You can download the latest version of the CCP cRAP using the
download_ccp_crap()
function. It is important to take a note of what date you download the CCP
cRAP database and what the current UniProt release is, as the sequences and
accessions can change (slightly) over time. Generally I like to include the
UniProt release in the file name e.g. 2021-01_CCP_cRAP.fasta
, but hfor this
example we'll just use a temporary file.
ccp_tmp <- tempfile(fileext = ".fasta") download_ccp_crap(ccp_tmp, is_crap = TRUE, verbose = TRUE)
We can load this FASTA file into R and take a look.

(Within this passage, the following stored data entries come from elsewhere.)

(* Pull C back along the isometric embedding (a, b) \<mapsto> (l1 a, l2 b) of the Euclidean plane
   onto the flat F; this gives a closed convex unbounded planar set S.  Cocompactness puts every
   point of C within a fixed distance of the orbit of (x1, x2), and proper discontinuity of each
   factor action then bounds the fibres of C over either factor uniformly, so S meets horizontal
   and vertical lines in uniformly bounded sets.  An unbounded closed convex set has a direction of
   recession u; sliding points along u until they share a coordinate shows that S lies in a strip
   around a line parallel to u.  Projecting onto that line, S is at finite Hausdorff distance from
   the image of an up-closed set of reals, that is, from a ray or from the whole line. *)

section \<open>Sets at finite Hausdorff distance from a ray or a line\<close>

lemma finite_hausdorff_dist_trans:
  assumes "finite_hausdorff_dist A B" and "finite_hausdorff_dist B C"
  shows "finite_hausdorff_dist A C"
proof -
  obtain R where R: "\<forall>a\<in>A. \<exists>b\<in>B. dist a b \<le> R" "\<forall>b\<in>B. \<exists>a\<in>A. dist a b \<le> R"
    using assms(1) unfolding finite_hausdorff_dist_def by blast
  obtain R' where R': "\<forall>b\<in>B. \<exists>c\<in>C. dist b c \<le> R'" "\<forall>c\<in>C. \<exists>b\<in>B. dist b c \<le> R'"
    using assms(2) unfolding finite_hausdorff_dist_def by blast
  have "\<forall>a\<in>A. \<exists>c\<in>C. dist a c \<le> R + R'"
    using R(1) R'(1) by (meson add_mono dist_triangle order_trans)
  moreover have "\<forall>c\<in>C. \<exists>a\<in>A. dist a c \<le> R + R'"
    using R(2) R'(2) by (meson add_mono dist_triangle order_trans)
  ultimately show ?thesis
    unfolding finite_hausdorff_dist_def by blast
qed

lemma finite_hausdorff_dist_image:
  assumes "finite_hausdorff_dist A B" and "\<And>x y. dist (f x) (f y) \<le> dist x y"
  shows "finite_hausdorff_dist (f ` A) (f ` B)"
proof -
  obtain R where R: "\<forall>a\<in>A. \<exists>b\<in>B. dist a b \<le> R" "\<forall>b\<in>B. \<exists>a\<in>A. dist a b \<le> R"
    using assms(1) unfolding finite_hausdorff_dist_def by blast
  then have "\<forall>a\<in>A. \<exists>b\<in>B. dist (f a) (f b) \<le> R" "\<forall>b\<in>B. \<exists>a\<in>A. dist (f a) (f b) \<le> R"
    using assms(2) order_trans by meson+
  then show ?thesis
    unfolding finite_hausdorff_dist_def by blast
qed

lemma finite_hausdorff_dist_Inf_atLeast:
  fixes I :: "real set"
  assumes "I \<noteq> {}" and "bdd_below I" and up: "\<And>s t. s \<in> I \<Longrightarrow> s \<le> t \<Longrightarrow> t \<in> I"
  shows "finite_hausdorff_dist I {Inf I..}"
  unfolding finite_hausdorff_dist_def
proof (intro exI[of _ 1] conjI ballI)
  fix s assume "s \<in> I"
  then show "\<exists>t\<in>{Inf I..}. dist s t \<le> 1"
    using cInf_lower[OF _ assms(2)] by force
next
  fix t assume "t \<in> {Inf I..}"
  then obtain s where s: "s \<in> I" "s < t + 1"
    using cInf_less_iff[OF assms(1,2), of "t + 1"] by auto
  show "\<exists>s\<in>I. dist s t \<le> 1"
  proof (cases "s \<le> t")
    case True
    then show ?thesis using up[OF s(1)] by force
  next
    case False
    then show ?thesis using s by (auto simp: dist_real_def intro!: bexI[of _ s])
  qed
qed

lemma geodesic_line_affine:
  fixes u :: "'v::real_normed_vector"
  assumes "norm u = 1"
  shows "geodesic_line (\<lambda>\<sigma>. x0 + \<sigma> *\<^sub>R u)"
  unfolding geodesic_line_def dist_norm
  by (simp add: assms flip: scaleR_diff_left)

definition near_ray_or_line_in :: "'a::metric_space set \<Rightarrow> 'a set \<Rightarrow> bool" where
  "near_ray_or_line_in F S \<longleftrightarrow>
     (\<exists>r. geodesic_ray r \<and> r ` {0..} \<subseteq> F \<and> finite_hausdorff_dist S (r ` {0..})) \<or>
     (\<exists>\<gamma>. geodesic_line \<gamma> \<and> range \<gamma> \<subseteq> F \<and> finite_hausdorff_dist S (range \<gamma>))"

lemma near_line_imp_near_ray_or_line:
  fixes S :: "'v::real_inner set"
  assumes "S \<noteq> {}" and "norm u = 1"
    and recession: "\<And>p t. p \<in> S \<Longrightarrow> 0 \<le> t \<Longrightarrow> p + t *\<^sub>R u \<in> S"
    and near: "\<And>p. p \<in> S \<Longrightarrow> dist p (x0 + ((p - x0) \<bullet> u) *\<^sub>R u) \<le> M"
  shows "near_ray_or_line_in UNIV S"
proof -
  define \<gamma> where "\<gamma> \<sigma> = x0 + \<sigma> *\<^sub>R u" for \<sigma>
  define I where "I = (\<lambda>p. (p - x0) \<bullet> u) ` S"
  have line: "geodesic_line \<gamma>"
    unfolding \<gamma>_def by (rule geodesic_line_affine[OF \<open>norm u = 1\<close>])
  then have short: "dist (\<gamma> s) (\<gamma> t) \<le> dist s t" for s t
    by (simp add: geodesic_line_def dist_real_def)
  have near_I: "finite_hausdorff_dist S (\<gamma> ` I)"
    unfolding finite_hausdorff_dist_def I_def \<gamma>_def
    using near by (metis (no_types, lifting) dist_commute image_iff)
  have "u \<bullet> u = 1"
    using \<open>norm u = 1\<close> by (simp add: norm_eq_1)
  then have up: "t \<in> I" if "s \<in> I" "s \<le> t" for s t
  proof -
    obtain p where p: "p \<in> S" "s = (p - x0) \<bullet> u"
      using \<open>s \<in> I\<close> unfolding I_def by blast
    have "p + (t - s) *\<^sub>R u \<in> S"
      using recession[OF p(1)] \<open>s \<le> t\<close> by simp
    moreover have "(p + (t - s) *\<^sub>R u - x0) \<bullet> u = t"
      using p(2) \<open>u \<bullet> u = 1\<close> by (simp add: algebra_simps)
    ultimately show "t \<in> I"
      unfolding I_def by (metis image_eqI)
  qed
  show ?thesis
  proof (cases "bdd_below I")
    case True
    define r where "r = (\<lambda>t. \<gamma> (Inf I + t))"
    have "geodesic_ray r"
      using line by (simp add: geodesic_line_def geodesic_ray_def r_def)
    have "r ` {0..} = \<gamma> ` (plus (Inf I) ` {0..})"
      unfolding r_def image_comp by (simp add: comp_def)
    then have r_image: "r ` {0..} = \<gamma> ` {Inf I..}"
      by simp
    have "I \<noteq> {}"
      using \<open>S \<noteq> {}\<close> unfolding I_def by blast
    then have "finite_hausdorff_dist (\<gamma> ` I) (r ` {0..})"
      unfolding r_image
      using finite_hausdorff_dist_image[OF finite_hausdorff_dist_Inf_atLeast short] True up
      by blast
    then have "finite_hausdorff_dist S (r ` {0..})"
      by (rule finite_hausdorff_dist_trans[OF near_I])
    with \<open>geodesic_ray r\<close> show ?thesis
      unfolding near_ray_or_line_in_def by blast
  next
    case False
    then have "I = UNIV"
      using up by (auto simp: bdd_below_def) (meson linear)
    then show ?thesis
      using line near_I unfolding near_ray_or_line_in_def by auto
  qed
qed

section \<open>Unbounded closed convex sets with bounded coordinate fibres\<close>

lemma dist_line_projection_le:
  fixes u :: "'v::real_inner"
  assumes "norm u = 1"
  shows "dist p (x0 + ((p - x0) \<bullet> u) *\<^sub>R u) \<le> dist p (x0 + c *\<^sub>R u)"
proof -
  define d where "d = p - x0"
  have "u \<bullet> u = 1"
    using assms by (simp add: norm_eq_1)
  then have "(d - c *\<^sub>R u) \<bullet> (d - c *\<^sub>R u) =
      (d - (d \<bullet> u) *\<^sub>R u) \<bullet> (d - (d \<bullet> u) *\<^sub>R u) + (d \<bullet> u - c)\<^sup>2"
    by (simp add: inner_commute power2_eq_square algebra_simps)
  then have "norm (d - (d \<bullet> u) *\<^sub>R u) \<le> norm (d - c *\<^sub>R u)"
    unfolding norm_le by simp
  then show ?thesis
    by (simp add: d_def dist_norm diff_diff_eq)
qed

lemma bounded_coordinate_fibres_imp_near_line:
  fixes S :: "'v::euclidean_space set"
  assumes "norm u = 1" and "x0 \<in> S"
    and recession: "\<And>p t. p \<in> S \<Longrightarrow> 0 \<le> t \<Longrightarrow> p + t *\<^sub>R u \<in> S"
    and fibres: "\<And>p q i. p \<in> S \<Longrightarrow> q \<in> S \<Longrightarrow> i \<in> Basis \<Longrightarrow> p \<bullet> i = q \<bullet> i \<Longrightarrow> dist p q \<le> M"
    and "p \<in> S"
  shows "dist p (x0 + ((p - x0) \<bullet> u) *\<^sub>R u) \<le> M"
proof -
  obtain i where i: "i \<in> Basis" "u \<bullet> i \<noteq> 0"
    using \<open>norm u = 1\<close> euclidean_all_zero_iff[of u] by auto
  define c where "c = ((p - x0) \<bullet> i) / (u \<bullet> i)"
  \<comment> \<open>Slide p and x0 along u until they share the i-th coordinate.\<close>
  have "c * (u \<bullet> i) = (p - x0) \<bullet> i"
    using i(2) by (simp add: c_def)
  then have "(p + \<bar>c\<bar> *\<^sub>R u) \<bullet> i = (x0 + (\<bar>c\<bar> + c) *\<^sub>R u) \<bullet> i"
    by (simp add: algebra_simps)
  then have "dist (p + \<bar>c\<bar> *\<^sub>R u) (x0 + (\<bar>c\<bar> + c) *\<^sub>R u) \<le> M"
    using fibres recession \<open>p \<in> S\<close> \<open>x0 \<in> S\<close> i(1) by simp
  moreover have "dist (p + \<bar>c\<bar> *\<^sub>R u) (x0 + (\<bar>c\<bar> + c) *\<^sub>R u) = dist p (x0 + c *\<^sub>R u)"
    by (simp add: dist_norm algebra_simps)
  ultimately show ?thesis
    using dist_line_projection_le[OF \<open>norm u = 1\<close>, of p x0 c] by linarith
qed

ccp_crap <- Biostrings::readAAStringSet(ccp_tmp) ccp_crap
We can see there are r length(ccp_crap)
sequences. Now lets have a look
at some of the sequence headers.
head(names(ccp_crap))
These sequence headers are actually complete, and follow the standard structure of UniProt FASTA headers. Importantly they contain both the UniProt accession e.g. P00330 and the sequence version e.g. SV=5. Each time the amino acid sequence of a UniProt entry is modified, the sequence version is incremented by 1. With the UniProt accession and the SV number, one can know exactly which sequence is being referred to in the FASTA file.
This isn't exactly important for everyday use, but may prove important when reanalysing a proteomics experiment after a long time has passed.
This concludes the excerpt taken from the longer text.